text \<open>Derivations along a homomorphism \<open>\<psi>\<close> (not just \<open>\<psi> = id\<close>) are needed to compare
  derivations of a field with its Laurent expansions.\<close>
definition derivation :: "('a::comm_ring_1 \<Rightarrow> 'b::comm_ring_1) \<Rightarrow> ('a \<Rightarrow> 'b) \<Rightarrow> bool" where
  "derivation \<psi> \<delta> \<longleftrightarrow>
     (\<forall>a b. \<delta> (a + b) = \<delta> a + \<delta> b) \<and> (\<forall>a b. \<delta> (a * b) = \<psi> a * \<delta> b + \<psi> b * \<delta> a)"

lemma derivationD:
  assumes "derivation \<psi> \<delta>"
  shows derivation_add: "\<delta> (a + b) = \<delta> a + \<delta> b"
    and derivation_mult: "\<delta> (a * b) = \<psi> a * \<delta> b + \<psi> b * \<delta> a"
  using assms by (auto simp: derivation_def)

lemma derivation_0: "derivation \<psi> \<delta> \<Longrightarrow> \<delta> 0 = 0"
  using derivation_add[of \<psi> \<delta> 0 0] by simp

lemma derivation_1: "derivation \<psi> \<delta> \<Longrightarrow> ring_hom \<psi> \<Longrightarrow> \<delta> 1 = 0"
  using derivation_mult[of \<psi> \<delta> 1 1] by (simp add: ring_hom_1)

lemma derivation_sum: "derivation \<psi> \<delta> \<Longrightarrow> \<delta> (\<Sum>i\<in>A. f i) = (\<Sum>i\<in>A. \<delta> (f i))"
  by (induct A rule: infinite_finite_induct) (auto simp: derivation_0 derivation_add)

lemma derivation_diff:
  "derivation \<psi> \<delta>\<^sub>1 \<Longrightarrow> derivation \<psi> \<delta>\<^sub>2 \<Longrightarrow> derivation \<psi> (\<lambda>a. \<delta>\<^sub>1 a - \<delta>\<^sub>2 a)"
  unfolding derivation_def by (auto simp: algebra_simps)

lemma derivation_commutator:
  "derivation id \<delta>\<^sub>1 \<Longrightarrow> derivation id \<delta>\<^sub>2 \<Longrightarrow> derivation id (\<lambda>a. \<delta>\<^sub>1 (\<delta>\<^sub>2 a) - \<delta>\<^sub>2 (\<delta>\<^sub>1 a))"
  unfolding derivation_def by (auto simp: algebra_simps)

lemma poisson_bracket_derivation_right:
  assumes "poisson_bracket \<iota> br"
  shows "derivation id (br a)"
proof -
  have add: "br (b + c) a = br b a + br c a" and anti: "br a b = - br b a"
    and leibniz: "br a (b * c) = br a b * c + b * br a c" for a b c
    using assms unfolding poisson_bracket_def by blast+
  have "br a (b + c) = br a b + br a c" for b c
    using add[of b c a] anti[of a "b + c"] anti[of a b] anti[of a c] by simp
  then show ?thesis
    unfolding derivation_def by (simp add: leibniz mult.commute)
qed

lemma poisson_bracket_derivation_left:
  assumes "poisson_bracket \<iota> br"
  shows "derivation id (\<lambda>a. br a b)"
proof -
  have anti: "br a b = - br b a" for a b
    using assms unfolding poisson_bracket_def by blast
  have "derivation id (\<lambda>a. - br b a)"
    using poisson_bracket_derivation_right[OF assms, of b]
    unfolding derivation_def by (simp add: algebra_simps)
  moreover have "(\<lambda>a. br a b) = (\<lambda>a. - br b a)" using anti by blast
  ultimately show ?thesis by simp
qed

lemma poisson_bracket_const:
  assumes "poisson_bracket \<iota> br"
  shows "br (\<iota> t) a = 0" and "br a (\<iota> t) = 0"
proof -
  have lin: "br (\<iota> t * 1) a = \<iota> t * br 1 a" and anti: "br a b = - br b a" for a b
    using assms unfolding poisson_bracket_def by blast+
  have "br a 1 = 0" for a
    using derivation_1[OF poisson_bracket_derivation_right[OF assms] ring_hom_id] .
  then show "br (\<iota> t) a = 0"
    using lin[of a] anti[of 1 a] by simp
  then show "br a (\<iota> t) = 0"
    using anti[of a "\<iota> t"] by simp
qed

lemma poisson_iso_bracket_eq_1:
  assumes "poisson_iso \<iota> br \<iota>' br' \<phi>" "field_embedding \<iota>" "field_embedding \<iota>'" "br' a b = 1"
  shows "br (inv \<phi> a) (inv \<phi> b) = 1"
proof -
  have bij: "bij \<phi>" and bracket: "\<phi> (br f g) = br' (\<phi> f) (\<phi> g)" and const: "\<phi> (\<iota> t) = \<iota>' t" for f g t
    using assms(1) by (auto simp: poisson_iso_def)
  have "\<phi> 1 = 1"
    using const[of 1] assms(2,3) by (simp add: field_embedding_def)
  moreover have "\<phi> (br (inv \<phi> a) (inv \<phi> b)) = 1"
    using bracket assms(4) bij by (simp add: bij_is_surj surj_f_inv_f)
  ultimately show ?thesis using bij by (metis bij_is_inj injD)
qed

lemma poly_eval_ring_hom:
  "ring_hom h \<Longrightarrow> h (poly_eval e n y M c) = poly_eval (h \<circ> e) n (h \<circ> y) M c"
  unfolding poly_eval_def monom_eval_def
  by (simp add: ring_hom_sum ring_hom_mult ring_hom_prod ring_hom_power)

lemma poly_eval_extend_zero:
  assumes "ring_hom e" "finite N" "M \<subseteq> N"
  shows "poly_eval e n y N (\<lambda>m. if m \<in> M then c m else 0) = poly_eval e n y M c"
  unfolding poly_eval_def using assms by (intro sum.mono_neutral_cong_right) (auto simp: ring_hom_0)

lemma poly_eval_add:
  assumes "ring_hom e" "finite M" "finite N"
  shows "poly_eval e n y (M \<union> N) (\<lambda>m. (if m \<in> M then c m else 0) + (if m \<in> N then d m else 0)) =
    poly_eval e n y M c + poly_eval e n y N d"
proof -
  have "poly_eval e n y (M \<union> N) (\<lambda>m. (if m \<in> M then c m else 0) + (if m \<in> N then d m else 0)) =
     poly_eval e n y (M \<union> N) (\<lambda>m. if m \<in> M then c m else 0) +
     poly_eval e n y (M \<union> N) (\<lambda>m. if m \<in> N then d m else 0)"
    unfolding poly_eval_def by (simp add: ring_hom_add[OF assms(1)] distrib_right sum.distrib)
  then show ?thesis using poly_eval_extend_zero[OF assms(1), of "M \<union> N"] assms by simp
qed

lemma poly_eval_uminus:
  "ring_hom e \<Longrightarrow> poly_eval e n y M (\<lambda>m. - c m) = - poly_eval e n y M c"
  unfolding poly_eval_def by (simp add: ring_hom_uminus sum_negf)

lemma monom_eval_add: "monom_eval n y (\<lambda>i. m i + l i) = monom_eval n y m * monom_eval n y l"
  unfolding monom_eval_def by (simp add: power_add prod.distrib)

definition exponents_add :: "(nat \<Rightarrow> nat) set \<Rightarrow> (nat \<Rightarrow> nat) set \<Rightarrow> (nat \<Rightarrow> nat) set" where
  "exponents_add M N = (\<lambda>(m, l) i. m i + l i) ` (M \<times> N)"

definition coeffs_mult ::
  "(nat \<Rightarrow> nat) set \<Rightarrow> ((nat \<Rightarrow> nat) \<Rightarrow> 'k::comm_ring_1) \<Rightarrow> (nat \<Rightarrow> nat) set \<Rightarrow>
    ((nat \<Rightarrow> nat) \<Rightarrow> 'k) \<Rightarrow> (nat \<Rightarrow> nat) \<Rightarrow> 'k" where
  "coeffs_mult M c N d s = (\<Sum>(m, l)\<in>{(m, l) \<in> M \<times> N. (\<lambda>i. m i + l i) = s}. c m * d l)"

(WHAT THE TASK REQUIRES) Would you set down every entry again, exactly?

(PROBLEM SOLUTION)
text \<open>Derivations along a homomorphism \<open>\<psi>\<close> (not just \<open>\<psi> = id\<close>) are needed to compare
  derivations of a field with its Laurent expansions.\<close>
definition derivation :: "('a::comm_ring_1 \<Rightarrow> 'b::comm_ring_1) \<Rightarrow> ('a \<Rightarrow> 'b) \<Rightarrow> bool" where
  "derivation \<psi> \<delta> \<longleftrightarrow>
     (\<forall>a b. \<delta> (a + b) = \<delta> a + \<delta> b) \<and> (\<forall>a b. \<delta> (a * b) = \<psi> a * \<delta> b + \<psi> b * \<delta> a)"

lemma derivationD:
  assumes "derivation \<psi> \<delta>"
  shows derivation_add: "\<delta> (a + b) = \<delta> a + \<delta> b"
    and derivation_mult: "\<delta> (a * b) = \<psi> a * \<delta> b + \<psi> b * \<delta> a"
  using assms by (auto simp: derivation_def)

lemma derivation_0: "derivation \<psi> \<delta> \<Longrightarrow> \<delta> 0 = 0"
  using derivation_add[of \<psi> \<delta> 0 0] by simp

lemma derivation_1: "derivation \<psi> \<delta> \<Longrightarrow> ring_hom \<psi> \<Longrightarrow> \<delta> 1 = 0"
  using derivation_mult[of \<psi> \<delta> 1 1] by (simp add: ring_hom_1)

lemma derivation_sum: "derivation \<psi> \<delta> \<Longrightarrow> \<delta> (\<Sum>i\<in>A. f i) = (\<Sum>i\<in>A. \<delta> (f i))"
  by (induct A rule: infinite_finite_induct) (auto simp: derivation_0 derivation_add)

lemma derivation_diff:
  "derivation \<psi> \<delta>\<^sub>1 \<Longrightarrow> derivation \<psi> \<delta>\<^sub>2 \<Longrightarrow> derivation \<psi> (\<lambda>a. \<delta>\<^sub>1 a - \<delta>\<^sub>2 a)"
  unfolding derivation_def by (auto simp: algebra_simps)

lemma derivation_commutator:
  "derivation id \<delta>\<^sub>1 \<Longrightarrow> derivation id \<delta>\<^sub>2 \<Longrightarrow> derivation id (\<lambda>a. \<delta>\<^sub>1 (\<delta>\<^sub>2 a) - \<delta>\<^sub>2 (\<delta>\<^sub>1 a))"
  unfolding derivation_def by (auto simp: algebra_simps)

lemma poisson_bracket_derivation_right:
  assumes "poisson_bracket \<iota> br"
  shows "derivation id (br a)"
proof -
  have add: "br (b + c) a = br b a + br c a" and anti: "br a b = - br b a"
    and leibniz: "br a (b * c) = br a b * c + b * br a c" for a b c
    using assms unfolding poisson_bracket_def by blast+
  have "br a (b + c) = br a b + br a c" for b c
    using add[of b c a] anti[of a "b + c"] anti[of a b] anti[of a c] by simp
  then show ?thesis
    unfolding derivation_def by (simp add: leibniz mult.commute)
qed

lemma poisson_bracket_derivation_left:
  assumes "poisson_bracket \<iota> br"
  shows "derivation id (\<lambda>a. br a b)"
proof -
  have anti: "br a b = - br b a" for a b
    using assms unfolding poisson_bracket_def by blast
  have "derivation id (\<lambda>a. - br b a)"
    using poisson_bracket_derivation_right[OF assms, of b]
    unfolding derivation_def by (simp add: algebra_simps)
  moreover have "(\<lambda>a. br a b) = (\<lambda>a. - br b a)" using anti by blast
  ultimately show ?thesis by simp
qed

lemma poisson_bracket_const:
  assumes "poisson_bracket \<iota> br"
  shows "br (\<iota> t) a = 0" and "br a (\<iota> t) = 0"
proof -
  have lin: "br (\<iota> t * 1) a = \<iota> t * br 1 a" and anti: "br a b = - br b a" for a b
    using assms unfolding poisson_bracket_def by blast+
  have "br a 1 = 0" for a
    using derivation_1[OF poisson_bracket_derivation_right[OF assms] ring_hom_id] .
  then show "br (\<iota> t) a = 0"
    using lin[of a] anti[of 1 a] by simp
  then show "br a (\<iota> t) = 0"
    using anti[of a "\<iota> t"] by simp
qed

lemma poisson_iso_bracket_eq_1:
  assumes "poisson_iso \<iota> br \<iota>' br' \<phi>" "field_embedding \<iota>" "field_embedding \<iota>'" "br' a b = 1"
  shows "br (inv \<phi> a) (inv \<phi> b) = 1"
proof -
  have bij: "bij \<phi>" and bracket: "\<phi> (br f g) = br' (\<phi> f) (\<phi> g)" and const: "\<phi> (\<iota> t) = \<iota>' t" for f g t
    using assms(1) by (auto simp: poisson_iso_def)
  have "\<phi> 1 = 1"
    using const[of 1] assms(2,3) by (simp add: field_embedding_def)
  moreover have "\<phi> (br (inv \<phi> a) (inv \<phi> b)) = 1"
    using bracket assms(4) bij by (simp add: bij_is_surj surj_f_inv_f)
  ultimately show ?thesis using bij by (metis bij_is_inj injD)
qed

lemma poly_eval_ring_hom:
  "ring_hom h \<Longrightarrow> h (poly_eval e n y M c) = poly_eval (h \<circ> e) n (h \<circ> y) M c"
  unfolding poly_eval_def monom_eval_def
  by (simp add: ring_hom_sum ring_hom_mult ring_hom_prod ring_hom_power)

lemma poly_eval_extend_zero:
  assumes "ring_hom e" "finite N" "M \<subseteq> N"
  shows "poly_eval e n y N (\<lambda>m. if m \<in> M then c m else 0) = poly_eval e n y M c"
  unfolding poly_eval_def using assms by (intro sum.mono_neutral_cong_right) (auto simp: ring_hom_0)

lemma poly_eval_add:
  assumes "ring_hom e" "finite M" "finite N"
  shows "poly_eval e n y (M \<union> N) (\<lambda>m. (if m \<in> M then c m else 0) + (if m \<in> N then d m else 0)) =
    poly_eval e n y M c + poly_eval e n y N d"
proof -
  have "poly_eval e n y (M \<union> N) (\<lambda>m. (if m \<in> M then c m else 0) + (if m \<in> N then d m else 0)) =
     poly_eval e n y (M \<union> N) (\<lambda>m. if m \<in> M then c m else 0) +
     poly_eval e n y (M \<union> N) (\<lambda>m. if m \<in> N then d m else 0)"
    unfolding poly_eval_def by (simp add: ring_hom_add[OF assms(1)] distrib_right sum.distrib)
  then show ?thesis using poly_eval_extend_zero[OF assms(1), of "M \<union> N"] assms by simp
qed

lemma poly_eval_uminus:
  "ring_hom e \<Longrightarrow> poly_eval e n y M (\<lambda>m. - c m) = - poly_eval e n y M c"
  unfolding poly_eval_def by (simp add: ring_hom_uminus sum_negf)

lemma monom_eval_add: "monom_eval n y (\<lambda>i. m i + l i) = monom_eval n y m * monom_eval n y l"
  unfolding monom_eval_def by (simp add: power_add prod.distrib)

definition exponents_add :: "(nat \<Rightarrow> nat) set \<Rightarrow> (nat \<Rightarrow> nat) set \<Rightarrow> (nat \<Rightarrow> nat) set" where
  "exponents_add M N = (\<lambda>(m, l) i. m i + l i) ` (M \<times> N)"

definition coeffs_mult ::
  "(nat \<Rightarrow> nat) set \<Rightarrow> ((nat \<Rightarrow> nat) \<Rightarrow> 'k::comm_ring_1) \<Rightarrow> (nat \<Rightarrow> nat) set \<Rightarrow>
    ((nat \<Rightarrow> nat) \<Rightarrow> 'k) \<Rightarrow> (nat \<Rightarrow> nat) \<Rightarrow> 'k" where
  "coeffs_mult M c N d s = (\<Sum>(m, l)\<in>{(m, l) \<in> M \<times> N. (\<lambda>i. m i + l i) = s}. c m * d l)"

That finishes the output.